* **Aim of the task**: Among the records, how many lines contain "assms"? Only the number is needed.

* **Data excerpts**:
lemma Lambda_eq_bind:
  assumes L: "infinitely_divisible ML" and T: "infinitely_divisible_pos MT"
  shows "Lambda ML MT = MT \<bind> pow_kernel ML"
proof -
  have MT_space: "MT \<in> space (prob_algebra borel)"
    using infinitely_divisible_pos_real_distribution[OF T] by (rule real_distribution_in_prob_algebra)
  note K = pow_kernel_measurable[OF L]
  have sets_bind: "sets (MT \<bind> pow_kernel ML) = sets borel"
    by (rule sets_bind'[OF MT_space K])
  have "Lambda ML MT = measure_of UNIV (sets borel) (emeasure (MT \<bind> pow_kernel ML))"
    unfolding Lambda_def
  proof (rule measure_of_eq)
    fix A :: "real set" assume "A \<in> sigma_sets UNIV (sets borel)"
    then have A: "A \<in> sets borel"
      by (metis sets.sigma_sets_eq space_borel)
    have "(\<integral>\<^sup>+ s. emeasure (id_pow ML s) A \<partial>MT) = (\<integral>\<^sup>+ s. emeasure (pow_kernel ML s) A \<partial>MT)"
      using infinitely_divisible_pos_AE_nonneg[OF T]
      by (intro nn_integral_cong_AE) (auto simp: pow_kernel_def max_def)
    also have "\<dots> = emeasure (MT \<bind> pow_kernel ML) A"
      by (rule emeasure_bind_prob_algebra[OF MT_space K A, symmetric])
    finally show "(\<integral>\<^sup>+ s. emeasure (id_pow ML s) A \<partial>MT) = emeasure (MT \<bind> pow_kernel ML) A" .
  qed simp
  also have "\<dots> = MT \<bind> pow_kernel ML"
    using measure_of_of_measure[of "MT \<bind> pow_kernel ML"] sets_bind
    by (simp add: sets_eq_imp_space_eq[OF sets_bind])
  finally show ?thesis .
qed

lemma
  assumes L: "infinitely_divisible ML" and T: "infinitely_divisible_pos MT"
  shows real_distribution_Lambda: "real_distribution (Lambda ML MT)"
    and char_Lambda: "char (Lambda ML MT) t = (\<integral>s. exp (complex_of_real (max s 0) * dist_log (char ML) t) \<partial>MT)"
proof -
  have MT_space: "MT \<in> space (prob_algebra borel)"
    using infinitely_divisible_pos_real_distribution[OF T] by (rule real_distribution_in_prob_algebra)
  show "real_distribution (Lambda ML MT)"
    unfolding Lambda_eq_bind[OF L T] by (rule real_distribution_bind[OF MT_space pow_kernel_measurable[OF L]])
  show "char (Lambda ML MT) t = (\<integral>s. exp (complex_of_real (max s 0) * dist_log (char ML) t) \<partial>MT)"
    unfolding Lambda_eq_bind[OF L T] char_bind[OF MT_space pow_kernel_measurable[OF L]]
    by (simp add: char_pow_kernel L)
qed

section \<open>Continuity of subordination\<close>

lemma norm_iexp_diff_le: "cmod (iexp a - iexp b) \<le> \<bar>a - b\<bar>"
proof -
  have "iexp a - iexp b = iexp b * (iexp (a - b) - 1)"
    by (simp add: right_diff_distrib flip: exp_add)
  moreover have "cmod (iexp (a - b) - 1) \<le> \<bar>a - b\<bar>"
    using iexp_approx1[of "a - b" 0] by simp
  ultimately show ?thesis
    by (simp add: norm_mult norm_exp_eq_Re)
qed

lemma weak_conv_imp_char_uniform_limit:
  assumes \<mu>: "\<And>n. real_distribution (\<mu> n)" and M: "real_distribution M"
    and conv: "weak_conv_m \<mu> M"
  shows "uniform_limit {-T..T} (\<lambda>n. char (\<mu> n)) (char M) sequentially"
  unfolding uniform_limit_iff
proof (intro allI impI)
  fix e :: real assume e: "e > 0"
  (* Skorohod coupling: |char (\<mu> n) u - char M u| \<le> E (min 2 (\<bar>T\<bar> |Y n - Y_lim|)) for |u| \<le> T. *)
  obtain \<Omega> :: "real measure" and Y :: "nat \<Rightarrow> real \<Rightarrow> real" and Y_lim :: "real \<Rightarrow> real"
    where \<Omega>: "prob_space \<Omega>" and [measurable]: "\<And>n. Y n \<in> borel_measurable \<Omega>"
      and distr_Y: "\<And>n. distr \<Omega> borel (Y n) = \<mu> n" and Y_lim: "Y_lim \<in> \<Omega> \<rightarrow>\<^sub>M lborel"
      and distr_Y_lim: "distr \<Omega> borel Y_lim = M"
      and Y_tendsto: "\<And>x. x \<in> space \<Omega> \<Longrightarrow> (\<lambda>n. Y n x) \<longlonglongrightarrow> Y_lim x"
    using Skorohod[OF \<mu> M conv] by blast
  interpret \<Omega>: prob_space \<Omega> by fact
  have [measurable]: "Y_lim \<in> borel_measurable \<Omega>"
    using Y_lim by (simp cong: measurable_cong_sets)
  define D where "D n = (\<integral>x. min 2 (\<bar>T\<bar> * \<bar>Y n x - Y_lim x\<bar>) \<partial>\<Omega>)" for n
  have "D \<longlonglongrightarrow> (\<integral>x. 0 \<partial>\<Omega>)"
    unfolding D_def
  proof (rule integral_dominated_convergence[where w="\<lambda>_. 2"])
    show "AE x in \<Omega>. (\<lambda>n. min 2 (\<bar>T\<bar> * \<bar>Y n x - Y_lim x\<bar>)) \<longlonglongrightarrow> 0"
    proof (rule AE_I2)
      fix x assume "x \<in> space \<Omega>"
      then have "(\<lambda>n. min 2 (\<bar>T\<bar> * \<bar>Y n x - Y_lim x\<bar>)) \<longlonglongrightarrow> min 2 (\<bar>T\<bar> * \<bar>Y_lim x - Y_lim x\<bar>)"
        by (intro tendsto_intros Y_tendsto)
      then show "(\<lambda>n. min 2 (\<bar>T\<bar> * \<bar>Y n x - Y_lim x\<bar>)) \<longlonglongrightarrow> 0"
        by simp
    qed
  qed auto
  then have "eventually (\<lambda>n. D n < e) sequentially"
    using e by (intro order_tendstoD) auto
  then show "eventually (\<lambda>n. \<forall>u\<in>{-T..T}. dist (char (\<mu> n) u) (char M u) < e) sequentially"
  proof eventually_elim
    case (elim n)
    have "cmod (char (\<mu> n) u - char M u) < e" if u: "u \<in> {-T..T}" for u
    proof -
      have "char (\<mu> n) u - char M u = (\<integral>x. iexp (u * Y n x) - iexp (u * Y_lim x) \<partial>\<Omega>)"
        unfolding char_def distr_Y[symmetric] distr_Y_lim[symmetric]
        by (simp add: integral_distr \<Omega>.integrable_iexp)
      also have "cmod \<dots> \<le> (\<integral>x. cmod (iexp (u * Y n x) - iexp (u * Y_lim x)) \<partial>\<Omega>)"
        by (rule integral_norm_bound)
      also have "\<dots> \<le> D n"
        unfolding D_def
      proof (rule integral_mono)
        show "integrable \<Omega> (\<lambda>x. cmod (iexp (u * Y n x) - iexp (u * Y_lim x)))"
          by (rule \<Omega>.integrable_const_bound[where B=2])
            (auto intro!: order_trans[OF norm_triangle_ineq4] simp: norm_exp_eq_Re)
        show "integrable \<Omega> (\<lambda>x. min 2 (\<bar>T\<bar> * \<bar>Y n x - Y_lim x\<bar>))"
          by (rule \<Omega>.integrable_const_bound[where B=2]) auto
        fix x
        have "cmod (iexp (u * Y n x) - iexp (u * Y_lim x)) \<le> \<bar>u\<bar> * \<bar>Y n x - Y_lim x\<bar>"
          using norm_iexp_diff_le[of "u * Y n x" "u * Y_lim x"]
          by (simp add: abs_mult flip: right_diff_distrib)
        also have "\<dots> \<le> \<bar>T\<bar> * \<bar>Y n x - Y_lim x\<bar>"
          using u by (intro mult_right_mono) auto
        moreover have "cmod (iexp (u * Y n x) - iexp (u * Y_lim x)) \<le> 2"
          by (rule order_trans[OF norm_triangle_ineq4]) (simp add: norm_exp_eq_Re)
        ultimately show "cmod (iexp (u * Y n x) - iexp (u * Y_lim x)) \<le> min 2 (\<bar>T\<bar> * \<bar>Y n x - Y_lim x\<bar>)"
          by simp
      qed
      finally show ?thesis
        using elim by simp
    qed
    then show ?case
      by (simp add: dist_norm)
  qed
qed

lemma Re_pos_if_norm_diff_less:
  fixes w z :: complex
  assumes "cmod (w - z) < cmod z"
  shows "Re (w / z) > 0"
proof -
  have "z \<noteq> 0"
    using assms by auto
  then have "w / z - 1 = (w - z) / z"
    by (simp add: field_simps)
  then have "cmod (w / z - 1) < 1"
    using assms \<open>z \<noteq> 0\<close> by (simp add: norm_divide divide_less_eq)
  then show ?thesis
    using abs_Re_le_cmod[of "w / z - 1"] by simp
qed

lemma dist_log_char_eq_add_Ln:
  assumes N: "real_distribution N" "\<And>u. char N u \<noteq> 0"
    and M: "real_distribution M" "\<And>u. char M u \<noteq> 0"
    and close: "\<And>u. u \<in> {-\<bar>t\<bar>..\<bar>t\<bar>} \<Longrightarrow> cmod (char N u - char M u) < cmod (char M u)"
  shows "dist_log (char N) t = dist_log (char M) t + Ln (char N t / char M t)"
proof -
  interpret N: real_distribution N by fact
  interpret M: real_distribution M by fact
  let ?I = "{-\<bar>t\<bar>..\<bar>t\<bar>}"
  have not_nonpos: "char N u / char M u \<notin> \<real>\<^sub>\<le>\<^sub>0" if "u \<in> ?I" for u
    using Re_pos_if_norm_diff_less[OF close[OF that]] by (auto simp: complex_nonpos_Reals_iff)
  have "dist_log (char N) t - dist_log (char M) t = Ln (char N t / char M t)"
  proof (rule continuous_log_unique[where S="?I" and a=0])
    show "continuous_on ?I (\<lambda>u. dist_log (char N) u - dist_log (char M) u)"
      using N.dist_log_char(1)[OF N(2)] M.dist_log_char(1)[OF M(2)]
      by (intro continuous_intros) (auto intro: continuous_on_subset)
    show "continuous_on ?I (\<lambda>u. Ln (char N u / char M u))"
      using not_nonpos M(2)
      by (intro continuous_intros continuous_at_imp_continuous_on ballI N.isCont_char M.isCont_char) auto
    show "exp (dist_log (char N) u - dist_log (char M) u) = exp (Ln (char N u / char M u))" for u
      using N(2) M(2) by (simp add: exp_diff N.dist_log_char M.dist_log_char)
  qed (auto simp: N.dist_log_char M.dist_log_char N(2) M(2) N.char_zero M.char_zero)
  then show ?thesis
    by (simp add: algebra_simps)
qed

* **Task response**: 2